EXERCISE INPUT START
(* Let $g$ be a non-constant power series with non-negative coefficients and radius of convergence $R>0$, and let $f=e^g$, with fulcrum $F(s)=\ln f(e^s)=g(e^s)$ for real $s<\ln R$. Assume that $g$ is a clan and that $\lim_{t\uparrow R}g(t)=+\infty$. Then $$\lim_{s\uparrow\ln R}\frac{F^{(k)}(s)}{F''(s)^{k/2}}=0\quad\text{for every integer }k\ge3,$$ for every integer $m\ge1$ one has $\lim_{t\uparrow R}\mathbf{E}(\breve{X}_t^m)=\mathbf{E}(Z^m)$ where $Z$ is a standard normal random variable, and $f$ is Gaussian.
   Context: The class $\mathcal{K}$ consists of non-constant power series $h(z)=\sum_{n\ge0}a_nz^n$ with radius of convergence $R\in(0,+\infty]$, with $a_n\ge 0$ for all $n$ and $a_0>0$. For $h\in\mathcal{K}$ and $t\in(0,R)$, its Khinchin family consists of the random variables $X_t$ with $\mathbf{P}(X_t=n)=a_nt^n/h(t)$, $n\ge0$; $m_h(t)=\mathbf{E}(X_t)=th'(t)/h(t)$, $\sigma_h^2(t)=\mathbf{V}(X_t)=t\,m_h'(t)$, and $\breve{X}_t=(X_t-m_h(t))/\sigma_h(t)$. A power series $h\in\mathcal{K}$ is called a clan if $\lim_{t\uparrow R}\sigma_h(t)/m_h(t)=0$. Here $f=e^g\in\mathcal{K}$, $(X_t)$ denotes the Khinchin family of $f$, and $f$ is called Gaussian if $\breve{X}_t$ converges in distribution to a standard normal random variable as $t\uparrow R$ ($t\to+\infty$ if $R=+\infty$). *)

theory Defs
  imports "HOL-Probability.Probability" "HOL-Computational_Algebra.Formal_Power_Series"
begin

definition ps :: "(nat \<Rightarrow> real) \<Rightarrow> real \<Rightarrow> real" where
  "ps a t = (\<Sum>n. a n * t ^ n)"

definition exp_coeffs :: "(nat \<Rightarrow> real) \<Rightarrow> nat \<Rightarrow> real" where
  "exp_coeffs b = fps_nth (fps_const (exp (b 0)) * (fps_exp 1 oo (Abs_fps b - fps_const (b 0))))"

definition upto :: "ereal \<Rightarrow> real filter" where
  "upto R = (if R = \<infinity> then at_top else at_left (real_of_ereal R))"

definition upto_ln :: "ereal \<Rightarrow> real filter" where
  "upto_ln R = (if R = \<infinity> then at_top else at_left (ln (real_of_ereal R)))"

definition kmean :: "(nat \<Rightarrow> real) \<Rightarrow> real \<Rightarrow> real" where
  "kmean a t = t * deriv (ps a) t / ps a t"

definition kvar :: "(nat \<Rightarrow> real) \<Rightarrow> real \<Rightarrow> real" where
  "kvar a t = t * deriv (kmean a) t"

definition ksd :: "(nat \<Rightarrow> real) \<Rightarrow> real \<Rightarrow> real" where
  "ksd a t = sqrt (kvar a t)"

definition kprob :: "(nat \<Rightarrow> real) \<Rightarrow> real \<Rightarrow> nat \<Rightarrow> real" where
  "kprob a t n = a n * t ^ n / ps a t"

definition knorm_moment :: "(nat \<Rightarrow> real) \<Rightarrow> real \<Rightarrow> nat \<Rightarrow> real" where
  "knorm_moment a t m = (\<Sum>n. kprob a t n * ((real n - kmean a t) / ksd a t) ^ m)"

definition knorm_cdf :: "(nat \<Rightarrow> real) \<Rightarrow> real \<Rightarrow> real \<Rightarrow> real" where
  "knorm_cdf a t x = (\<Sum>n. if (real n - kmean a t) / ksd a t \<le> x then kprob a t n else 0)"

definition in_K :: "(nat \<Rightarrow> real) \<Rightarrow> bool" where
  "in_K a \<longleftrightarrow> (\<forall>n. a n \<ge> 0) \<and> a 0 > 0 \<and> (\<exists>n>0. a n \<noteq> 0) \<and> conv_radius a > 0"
EXERCISE INPUT END
EXERCISE GOAL = Transcribe the lines above between the line holding "theory Defs" and the line holding "sqrt (kvar a", inclusive, exactly as they stand and with nothing added.

OUTPUT OF THE EXERCISE =
theory Defs
  imports "HOL-Probability.Probability" "HOL-Computational_Algebra.Formal_Power_Series"
begin

definition ps :: "(nat \<Rightarrow> real) \<Rightarrow> real \<Rightarrow> real" where
  "ps a t = (\<Sum>n. a n * t ^ n)"

definition exp_coeffs :: "(nat \<Rightarrow> real) \<Rightarrow> nat \<Rightarrow> real" where
  "exp_coeffs b = fps_nth (fps_const (exp (b 0)) * (fps_exp 1 oo (Abs_fps b - fps_const (b 0))))"

definition upto :: "ereal \<Rightarrow> real filter" where
  "upto R = (if R = \<infinity> then at_top else at_left (real_of_ereal R))"

definition upto_ln :: "ereal \<Rightarrow> real filter" where
  "upto_ln R = (if R = \<infinity> then at_top else at_left (ln (real_of_ereal R)))"

definition kmean :: "(nat \<Rightarrow> real) \<Rightarrow> real \<Rightarrow> real" where
  "kmean a t = t * deriv (ps a) t / ps a t"

definition kvar :: "(nat \<Rightarrow> real) \<Rightarrow> real \<Rightarrow> real" where
  "kvar a t = t * deriv (kmean a) t"

definition ksd :: "(nat \<Rightarrow> real) \<Rightarrow> real \<Rightarrow> real" where
  "ksd a t = sqrt (kvar a t)"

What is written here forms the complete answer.